### Exercise brief
Return all lines of the data in which the string "unfolding" occurs.

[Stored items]
####

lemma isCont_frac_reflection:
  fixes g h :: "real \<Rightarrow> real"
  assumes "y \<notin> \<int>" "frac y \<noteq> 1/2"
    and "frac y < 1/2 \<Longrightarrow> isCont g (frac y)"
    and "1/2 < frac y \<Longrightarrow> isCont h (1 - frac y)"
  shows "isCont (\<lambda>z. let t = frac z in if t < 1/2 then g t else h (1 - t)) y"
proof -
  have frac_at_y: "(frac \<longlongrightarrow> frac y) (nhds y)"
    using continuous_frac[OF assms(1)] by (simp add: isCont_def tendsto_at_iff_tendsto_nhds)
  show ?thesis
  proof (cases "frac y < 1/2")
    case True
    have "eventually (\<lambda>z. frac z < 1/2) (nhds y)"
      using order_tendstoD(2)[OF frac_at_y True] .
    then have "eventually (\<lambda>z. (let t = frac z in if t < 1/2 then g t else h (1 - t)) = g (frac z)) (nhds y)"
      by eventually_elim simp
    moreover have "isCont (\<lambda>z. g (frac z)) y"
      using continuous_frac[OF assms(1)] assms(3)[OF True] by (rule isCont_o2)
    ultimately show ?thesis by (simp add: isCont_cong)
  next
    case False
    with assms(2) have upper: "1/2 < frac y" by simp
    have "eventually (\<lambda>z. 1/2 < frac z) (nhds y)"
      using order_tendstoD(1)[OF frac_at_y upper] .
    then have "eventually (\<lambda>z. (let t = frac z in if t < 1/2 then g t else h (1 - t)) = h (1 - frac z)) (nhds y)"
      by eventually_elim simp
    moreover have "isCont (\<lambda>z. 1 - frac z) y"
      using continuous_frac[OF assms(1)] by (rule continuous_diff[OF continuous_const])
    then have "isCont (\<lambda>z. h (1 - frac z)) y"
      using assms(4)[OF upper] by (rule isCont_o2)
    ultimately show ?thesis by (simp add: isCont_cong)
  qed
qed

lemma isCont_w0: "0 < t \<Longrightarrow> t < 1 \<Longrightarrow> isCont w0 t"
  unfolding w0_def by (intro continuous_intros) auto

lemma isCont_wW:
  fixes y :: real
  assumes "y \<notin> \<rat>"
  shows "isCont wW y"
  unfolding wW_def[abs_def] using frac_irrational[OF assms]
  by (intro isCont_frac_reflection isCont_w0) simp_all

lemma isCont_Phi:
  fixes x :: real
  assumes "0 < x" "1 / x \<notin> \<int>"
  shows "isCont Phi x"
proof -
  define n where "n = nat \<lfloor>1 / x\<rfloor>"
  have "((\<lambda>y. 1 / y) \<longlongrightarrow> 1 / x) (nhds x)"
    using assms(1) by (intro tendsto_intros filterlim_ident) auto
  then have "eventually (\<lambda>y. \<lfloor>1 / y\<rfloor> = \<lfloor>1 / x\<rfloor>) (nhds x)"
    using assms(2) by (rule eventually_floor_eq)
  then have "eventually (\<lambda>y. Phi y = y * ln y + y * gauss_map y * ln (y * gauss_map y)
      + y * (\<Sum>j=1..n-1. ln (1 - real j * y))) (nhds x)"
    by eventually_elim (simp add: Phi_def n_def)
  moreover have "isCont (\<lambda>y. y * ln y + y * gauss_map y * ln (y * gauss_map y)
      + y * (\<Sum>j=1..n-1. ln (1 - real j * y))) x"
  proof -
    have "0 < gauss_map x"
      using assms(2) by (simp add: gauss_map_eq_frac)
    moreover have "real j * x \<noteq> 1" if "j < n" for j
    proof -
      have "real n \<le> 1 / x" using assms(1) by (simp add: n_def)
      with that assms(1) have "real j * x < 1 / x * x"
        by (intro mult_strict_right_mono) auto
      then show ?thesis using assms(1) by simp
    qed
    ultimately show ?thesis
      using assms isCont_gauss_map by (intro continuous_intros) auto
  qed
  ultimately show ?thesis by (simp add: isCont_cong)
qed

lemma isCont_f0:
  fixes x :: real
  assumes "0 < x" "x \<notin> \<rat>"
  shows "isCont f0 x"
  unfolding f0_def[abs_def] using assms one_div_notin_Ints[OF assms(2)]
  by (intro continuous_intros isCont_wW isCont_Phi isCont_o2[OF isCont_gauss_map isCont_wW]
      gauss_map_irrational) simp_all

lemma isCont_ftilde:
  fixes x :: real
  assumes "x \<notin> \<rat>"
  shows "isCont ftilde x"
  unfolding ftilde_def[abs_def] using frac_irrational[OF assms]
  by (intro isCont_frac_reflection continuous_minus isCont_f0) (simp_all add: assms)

####

### Answer to this problem
  unfolding w0_def by (intro continuous_intros) auto
  unfolding wW_def[abs_def] using frac_irrational[OF assms]
  unfolding f0_def[abs_def] using assms one_div_notin_Ints[OF assms(2)]
  unfolding ftilde_def[abs_def] using frac_irrational[OF assms]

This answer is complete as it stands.